GOAL OF THE EXERCISE
A line below contains "using assms by", and a later one contains "derivative_eq_intros simp: algebra_simps)". Repeat both, with every line between them, exactly.

EXERCISE MATERIAL

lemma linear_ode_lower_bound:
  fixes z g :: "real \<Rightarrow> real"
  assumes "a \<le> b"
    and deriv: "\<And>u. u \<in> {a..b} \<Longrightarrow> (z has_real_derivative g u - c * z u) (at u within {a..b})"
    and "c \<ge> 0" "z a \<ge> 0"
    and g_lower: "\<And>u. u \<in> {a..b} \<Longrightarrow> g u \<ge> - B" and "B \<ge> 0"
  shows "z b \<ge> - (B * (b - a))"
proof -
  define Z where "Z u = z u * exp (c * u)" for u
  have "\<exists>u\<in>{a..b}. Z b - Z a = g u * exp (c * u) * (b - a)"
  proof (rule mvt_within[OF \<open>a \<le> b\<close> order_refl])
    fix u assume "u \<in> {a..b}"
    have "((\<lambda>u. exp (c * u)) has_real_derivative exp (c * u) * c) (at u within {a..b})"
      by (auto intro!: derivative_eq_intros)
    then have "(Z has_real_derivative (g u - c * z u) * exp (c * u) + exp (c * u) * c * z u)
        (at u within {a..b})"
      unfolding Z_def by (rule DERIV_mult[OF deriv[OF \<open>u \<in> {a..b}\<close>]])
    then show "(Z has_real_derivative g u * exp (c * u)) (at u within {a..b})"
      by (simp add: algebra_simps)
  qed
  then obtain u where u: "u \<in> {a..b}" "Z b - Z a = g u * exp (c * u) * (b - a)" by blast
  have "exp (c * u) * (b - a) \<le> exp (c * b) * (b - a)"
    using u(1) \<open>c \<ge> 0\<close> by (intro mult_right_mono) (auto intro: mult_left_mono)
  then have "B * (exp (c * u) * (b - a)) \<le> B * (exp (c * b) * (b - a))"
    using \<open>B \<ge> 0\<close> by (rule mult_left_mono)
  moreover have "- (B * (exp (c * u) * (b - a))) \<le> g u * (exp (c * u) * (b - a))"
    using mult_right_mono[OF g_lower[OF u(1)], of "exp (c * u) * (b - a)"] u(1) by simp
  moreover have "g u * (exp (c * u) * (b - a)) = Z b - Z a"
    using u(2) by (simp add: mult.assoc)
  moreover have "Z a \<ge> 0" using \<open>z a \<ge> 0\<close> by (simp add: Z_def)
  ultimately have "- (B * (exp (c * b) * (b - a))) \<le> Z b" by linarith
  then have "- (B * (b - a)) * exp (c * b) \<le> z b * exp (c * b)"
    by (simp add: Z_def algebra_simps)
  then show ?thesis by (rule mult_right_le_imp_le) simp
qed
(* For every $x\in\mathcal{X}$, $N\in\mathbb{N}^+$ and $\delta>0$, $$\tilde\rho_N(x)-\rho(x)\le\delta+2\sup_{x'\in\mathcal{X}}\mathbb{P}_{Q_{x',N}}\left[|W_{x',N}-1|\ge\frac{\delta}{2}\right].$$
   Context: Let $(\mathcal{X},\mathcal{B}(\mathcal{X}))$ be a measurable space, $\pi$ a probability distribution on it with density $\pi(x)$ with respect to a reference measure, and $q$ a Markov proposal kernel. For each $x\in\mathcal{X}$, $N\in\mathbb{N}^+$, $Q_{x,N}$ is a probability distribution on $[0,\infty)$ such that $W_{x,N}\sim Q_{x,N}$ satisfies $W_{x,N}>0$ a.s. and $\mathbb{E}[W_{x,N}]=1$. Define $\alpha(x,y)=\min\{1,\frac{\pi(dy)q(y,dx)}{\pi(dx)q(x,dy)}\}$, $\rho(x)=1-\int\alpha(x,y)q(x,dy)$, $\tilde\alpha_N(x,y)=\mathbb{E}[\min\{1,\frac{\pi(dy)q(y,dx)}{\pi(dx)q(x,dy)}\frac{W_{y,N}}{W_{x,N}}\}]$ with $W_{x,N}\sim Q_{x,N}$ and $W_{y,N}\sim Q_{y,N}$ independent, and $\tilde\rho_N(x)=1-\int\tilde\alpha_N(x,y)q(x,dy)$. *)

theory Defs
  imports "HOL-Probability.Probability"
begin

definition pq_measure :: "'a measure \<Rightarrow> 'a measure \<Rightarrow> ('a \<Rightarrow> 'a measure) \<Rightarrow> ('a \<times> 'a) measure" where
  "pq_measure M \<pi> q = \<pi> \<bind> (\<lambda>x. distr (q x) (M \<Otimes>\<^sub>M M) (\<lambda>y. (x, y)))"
--
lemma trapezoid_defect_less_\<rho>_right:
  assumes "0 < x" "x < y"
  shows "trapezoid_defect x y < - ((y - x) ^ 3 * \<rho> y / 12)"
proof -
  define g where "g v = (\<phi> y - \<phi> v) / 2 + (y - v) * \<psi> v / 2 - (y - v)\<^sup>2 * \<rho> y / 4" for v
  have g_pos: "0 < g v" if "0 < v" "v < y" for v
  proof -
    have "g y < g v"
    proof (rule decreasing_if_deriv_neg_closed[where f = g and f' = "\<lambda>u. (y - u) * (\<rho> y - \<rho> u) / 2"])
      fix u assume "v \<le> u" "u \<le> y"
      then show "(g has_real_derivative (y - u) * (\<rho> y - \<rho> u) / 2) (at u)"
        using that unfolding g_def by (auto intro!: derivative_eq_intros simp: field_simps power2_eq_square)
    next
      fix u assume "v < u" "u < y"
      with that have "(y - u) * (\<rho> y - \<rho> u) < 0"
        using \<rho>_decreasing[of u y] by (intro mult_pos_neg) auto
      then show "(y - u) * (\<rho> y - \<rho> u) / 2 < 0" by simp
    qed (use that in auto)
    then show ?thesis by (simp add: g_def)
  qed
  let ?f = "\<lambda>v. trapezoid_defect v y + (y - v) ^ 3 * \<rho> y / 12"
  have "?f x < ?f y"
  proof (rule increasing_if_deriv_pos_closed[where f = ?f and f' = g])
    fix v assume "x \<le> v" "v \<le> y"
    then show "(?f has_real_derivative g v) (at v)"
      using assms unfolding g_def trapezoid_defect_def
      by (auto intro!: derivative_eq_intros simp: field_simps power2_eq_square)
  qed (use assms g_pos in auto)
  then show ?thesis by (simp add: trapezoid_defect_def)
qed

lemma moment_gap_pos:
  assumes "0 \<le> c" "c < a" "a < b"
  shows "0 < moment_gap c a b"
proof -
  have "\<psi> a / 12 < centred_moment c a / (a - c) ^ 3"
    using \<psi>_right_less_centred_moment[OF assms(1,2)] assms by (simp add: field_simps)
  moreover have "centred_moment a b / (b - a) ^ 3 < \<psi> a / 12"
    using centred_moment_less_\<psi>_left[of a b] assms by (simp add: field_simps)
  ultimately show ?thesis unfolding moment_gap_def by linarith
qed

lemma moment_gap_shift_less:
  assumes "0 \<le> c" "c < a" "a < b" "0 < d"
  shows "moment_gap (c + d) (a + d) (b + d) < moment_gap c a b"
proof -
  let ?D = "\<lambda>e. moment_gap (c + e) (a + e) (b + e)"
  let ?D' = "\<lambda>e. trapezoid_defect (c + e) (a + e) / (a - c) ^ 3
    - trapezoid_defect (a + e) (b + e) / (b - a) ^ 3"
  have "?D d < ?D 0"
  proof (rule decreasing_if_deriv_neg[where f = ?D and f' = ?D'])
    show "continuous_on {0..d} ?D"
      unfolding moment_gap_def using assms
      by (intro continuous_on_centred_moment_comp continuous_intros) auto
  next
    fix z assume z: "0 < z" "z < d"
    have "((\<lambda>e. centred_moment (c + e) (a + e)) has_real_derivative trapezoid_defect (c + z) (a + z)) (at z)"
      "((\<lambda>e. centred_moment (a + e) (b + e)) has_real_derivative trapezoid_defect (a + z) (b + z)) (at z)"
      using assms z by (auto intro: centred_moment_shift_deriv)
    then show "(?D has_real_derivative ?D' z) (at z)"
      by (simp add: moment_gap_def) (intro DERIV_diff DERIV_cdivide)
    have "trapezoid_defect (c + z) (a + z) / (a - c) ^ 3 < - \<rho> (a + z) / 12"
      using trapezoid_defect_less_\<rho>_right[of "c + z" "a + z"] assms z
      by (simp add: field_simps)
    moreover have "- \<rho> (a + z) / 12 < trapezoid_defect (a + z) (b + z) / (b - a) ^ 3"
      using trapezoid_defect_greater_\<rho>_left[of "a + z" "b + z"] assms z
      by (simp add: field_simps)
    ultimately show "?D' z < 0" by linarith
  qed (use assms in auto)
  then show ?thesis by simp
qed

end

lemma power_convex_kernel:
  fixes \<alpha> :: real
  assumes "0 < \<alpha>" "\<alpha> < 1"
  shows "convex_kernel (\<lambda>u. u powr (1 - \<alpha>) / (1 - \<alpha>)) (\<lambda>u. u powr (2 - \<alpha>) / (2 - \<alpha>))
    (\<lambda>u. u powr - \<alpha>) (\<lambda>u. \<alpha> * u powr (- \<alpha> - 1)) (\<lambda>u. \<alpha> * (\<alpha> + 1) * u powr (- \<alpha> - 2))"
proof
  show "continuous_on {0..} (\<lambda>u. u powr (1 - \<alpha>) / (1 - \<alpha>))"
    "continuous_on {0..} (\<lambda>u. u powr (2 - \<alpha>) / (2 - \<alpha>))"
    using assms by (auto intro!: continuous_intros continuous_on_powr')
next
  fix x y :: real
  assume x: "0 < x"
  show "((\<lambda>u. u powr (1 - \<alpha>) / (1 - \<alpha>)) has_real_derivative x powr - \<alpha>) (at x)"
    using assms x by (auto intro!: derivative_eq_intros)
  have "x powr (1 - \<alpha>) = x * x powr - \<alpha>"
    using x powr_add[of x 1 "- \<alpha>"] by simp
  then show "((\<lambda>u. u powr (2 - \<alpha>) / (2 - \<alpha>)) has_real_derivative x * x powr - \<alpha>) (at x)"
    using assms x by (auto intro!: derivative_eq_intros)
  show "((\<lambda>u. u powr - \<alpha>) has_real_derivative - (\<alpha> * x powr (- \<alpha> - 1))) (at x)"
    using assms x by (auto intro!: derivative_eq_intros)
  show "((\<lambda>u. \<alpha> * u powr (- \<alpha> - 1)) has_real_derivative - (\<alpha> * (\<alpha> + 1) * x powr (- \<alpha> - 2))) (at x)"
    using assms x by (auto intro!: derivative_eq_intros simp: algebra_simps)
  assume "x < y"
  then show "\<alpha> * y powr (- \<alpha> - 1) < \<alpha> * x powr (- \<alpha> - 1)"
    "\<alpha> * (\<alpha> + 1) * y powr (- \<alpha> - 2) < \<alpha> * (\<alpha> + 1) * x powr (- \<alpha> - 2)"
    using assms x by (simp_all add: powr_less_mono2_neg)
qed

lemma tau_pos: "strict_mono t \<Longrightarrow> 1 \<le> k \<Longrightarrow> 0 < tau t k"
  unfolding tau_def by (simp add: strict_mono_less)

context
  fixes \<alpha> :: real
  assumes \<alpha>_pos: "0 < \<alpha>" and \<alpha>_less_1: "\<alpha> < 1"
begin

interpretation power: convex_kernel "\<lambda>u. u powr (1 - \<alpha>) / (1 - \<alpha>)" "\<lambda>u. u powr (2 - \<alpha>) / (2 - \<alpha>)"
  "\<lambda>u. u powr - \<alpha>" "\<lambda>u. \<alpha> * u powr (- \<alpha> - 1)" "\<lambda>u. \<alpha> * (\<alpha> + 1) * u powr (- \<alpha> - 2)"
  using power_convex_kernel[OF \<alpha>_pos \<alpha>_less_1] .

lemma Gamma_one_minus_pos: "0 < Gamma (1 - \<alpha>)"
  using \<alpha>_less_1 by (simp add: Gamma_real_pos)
==
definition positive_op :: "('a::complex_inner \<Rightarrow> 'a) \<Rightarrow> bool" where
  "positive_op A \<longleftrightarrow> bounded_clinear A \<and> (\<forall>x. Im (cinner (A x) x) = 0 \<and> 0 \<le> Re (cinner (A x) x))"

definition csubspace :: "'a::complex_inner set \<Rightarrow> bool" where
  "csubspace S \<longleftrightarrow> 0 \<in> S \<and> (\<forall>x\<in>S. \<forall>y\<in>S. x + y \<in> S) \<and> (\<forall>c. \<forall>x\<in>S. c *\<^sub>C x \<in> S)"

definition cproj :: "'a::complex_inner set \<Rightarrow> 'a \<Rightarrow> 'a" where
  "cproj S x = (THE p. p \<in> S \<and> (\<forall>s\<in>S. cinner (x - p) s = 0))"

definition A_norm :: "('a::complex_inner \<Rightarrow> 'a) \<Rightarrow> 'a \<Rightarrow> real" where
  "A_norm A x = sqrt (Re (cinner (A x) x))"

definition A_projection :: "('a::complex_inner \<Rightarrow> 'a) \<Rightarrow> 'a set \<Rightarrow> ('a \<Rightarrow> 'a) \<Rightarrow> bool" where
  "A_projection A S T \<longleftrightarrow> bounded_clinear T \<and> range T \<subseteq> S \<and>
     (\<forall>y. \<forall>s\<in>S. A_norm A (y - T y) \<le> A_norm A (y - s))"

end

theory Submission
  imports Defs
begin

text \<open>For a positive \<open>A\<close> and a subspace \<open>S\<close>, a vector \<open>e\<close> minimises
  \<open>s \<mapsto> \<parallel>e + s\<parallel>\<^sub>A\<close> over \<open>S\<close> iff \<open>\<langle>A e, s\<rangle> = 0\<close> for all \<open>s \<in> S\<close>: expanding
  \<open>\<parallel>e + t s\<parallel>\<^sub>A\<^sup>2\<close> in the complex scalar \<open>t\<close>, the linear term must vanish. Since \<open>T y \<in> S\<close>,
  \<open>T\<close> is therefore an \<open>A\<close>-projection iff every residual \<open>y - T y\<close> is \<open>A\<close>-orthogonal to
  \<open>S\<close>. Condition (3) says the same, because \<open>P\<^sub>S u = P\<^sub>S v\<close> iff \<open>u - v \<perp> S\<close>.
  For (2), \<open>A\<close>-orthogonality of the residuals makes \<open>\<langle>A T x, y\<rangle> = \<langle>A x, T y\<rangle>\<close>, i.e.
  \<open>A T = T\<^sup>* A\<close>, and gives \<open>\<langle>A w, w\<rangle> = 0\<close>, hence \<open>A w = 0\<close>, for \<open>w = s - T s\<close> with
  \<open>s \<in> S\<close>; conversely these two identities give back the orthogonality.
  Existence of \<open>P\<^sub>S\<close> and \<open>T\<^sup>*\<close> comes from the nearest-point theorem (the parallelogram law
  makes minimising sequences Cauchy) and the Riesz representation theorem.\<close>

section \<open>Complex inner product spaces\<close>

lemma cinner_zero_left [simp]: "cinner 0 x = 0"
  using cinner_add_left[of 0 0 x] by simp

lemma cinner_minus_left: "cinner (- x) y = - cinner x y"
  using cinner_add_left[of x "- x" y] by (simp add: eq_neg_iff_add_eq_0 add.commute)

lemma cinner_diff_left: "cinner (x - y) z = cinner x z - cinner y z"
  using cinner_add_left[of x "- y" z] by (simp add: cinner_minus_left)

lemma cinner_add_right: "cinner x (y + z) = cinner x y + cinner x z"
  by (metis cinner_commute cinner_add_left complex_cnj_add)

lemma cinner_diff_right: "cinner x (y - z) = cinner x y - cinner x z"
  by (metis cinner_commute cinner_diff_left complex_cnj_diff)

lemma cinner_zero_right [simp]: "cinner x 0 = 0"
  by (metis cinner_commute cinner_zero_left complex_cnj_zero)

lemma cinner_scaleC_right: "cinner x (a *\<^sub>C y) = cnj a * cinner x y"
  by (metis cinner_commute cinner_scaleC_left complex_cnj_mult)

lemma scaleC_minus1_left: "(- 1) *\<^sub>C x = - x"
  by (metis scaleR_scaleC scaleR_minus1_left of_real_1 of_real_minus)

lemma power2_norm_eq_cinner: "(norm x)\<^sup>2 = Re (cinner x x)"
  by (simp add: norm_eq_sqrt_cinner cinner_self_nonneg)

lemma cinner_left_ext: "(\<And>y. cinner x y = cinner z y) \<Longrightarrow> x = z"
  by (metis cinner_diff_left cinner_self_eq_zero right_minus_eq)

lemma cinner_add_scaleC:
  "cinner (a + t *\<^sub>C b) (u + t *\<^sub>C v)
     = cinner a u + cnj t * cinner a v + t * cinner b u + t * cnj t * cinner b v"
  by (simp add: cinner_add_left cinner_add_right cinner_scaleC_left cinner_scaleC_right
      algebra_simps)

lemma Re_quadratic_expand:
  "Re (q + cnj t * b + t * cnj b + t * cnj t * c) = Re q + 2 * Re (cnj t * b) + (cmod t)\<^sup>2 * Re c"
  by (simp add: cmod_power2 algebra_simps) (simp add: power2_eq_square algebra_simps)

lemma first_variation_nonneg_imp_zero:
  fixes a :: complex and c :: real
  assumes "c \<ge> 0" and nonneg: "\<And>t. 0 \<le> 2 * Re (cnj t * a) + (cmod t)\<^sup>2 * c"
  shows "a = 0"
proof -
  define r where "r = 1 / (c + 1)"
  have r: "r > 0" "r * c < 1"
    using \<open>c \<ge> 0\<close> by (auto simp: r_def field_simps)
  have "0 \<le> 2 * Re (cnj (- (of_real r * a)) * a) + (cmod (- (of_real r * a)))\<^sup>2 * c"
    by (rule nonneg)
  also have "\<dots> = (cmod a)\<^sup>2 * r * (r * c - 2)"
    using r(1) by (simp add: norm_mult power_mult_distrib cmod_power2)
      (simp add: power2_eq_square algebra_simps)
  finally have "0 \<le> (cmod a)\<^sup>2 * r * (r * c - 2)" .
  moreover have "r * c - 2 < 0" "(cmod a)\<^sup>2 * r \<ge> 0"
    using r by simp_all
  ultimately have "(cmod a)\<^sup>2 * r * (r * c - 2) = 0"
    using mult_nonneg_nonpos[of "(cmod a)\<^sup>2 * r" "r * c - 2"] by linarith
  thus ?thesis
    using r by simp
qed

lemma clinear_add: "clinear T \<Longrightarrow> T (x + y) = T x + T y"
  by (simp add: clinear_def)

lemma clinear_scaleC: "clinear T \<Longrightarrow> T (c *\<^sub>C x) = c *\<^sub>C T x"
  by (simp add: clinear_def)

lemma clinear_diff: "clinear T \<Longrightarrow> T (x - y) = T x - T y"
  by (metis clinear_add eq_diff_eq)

SOLUTION TO THE PROBLEM
    using assms by (auto intro!: continuous_intros continuous_on_powr')
next
  fix x y :: real
  assume x: "0 < x"
  show "((\<lambda>u. u powr (1 - \<alpha>) / (1 - \<alpha>)) has_real_derivative x powr - \<alpha>) (at x)"
    using assms x by (auto intro!: derivative_eq_intros)
  have "x powr (1 - \<alpha>) = x * x powr - \<alpha>"
    using x powr_add[of x 1 "- \<alpha>"] by simp
  then show "((\<lambda>u. u powr (2 - \<alpha>) / (2 - \<alpha>)) has_real_derivative x * x powr - \<alpha>) (at x)"
    using assms x by (auto intro!: derivative_eq_intros)
  show "((\<lambda>u. u powr - \<alpha>) has_real_derivative - (\<alpha> * x powr (- \<alpha> - 1))) (at x)"
    using assms x by (auto intro!: derivative_eq_intros)
  show "((\<lambda>u. \<alpha> * u powr (- \<alpha> - 1)) has_real_derivative - (\<alpha> * (\<alpha> + 1) * x powr (- \<alpha> - 2))) (at x)"
    using assms x by (auto intro!: derivative_eq_intros simp: algebra_simps)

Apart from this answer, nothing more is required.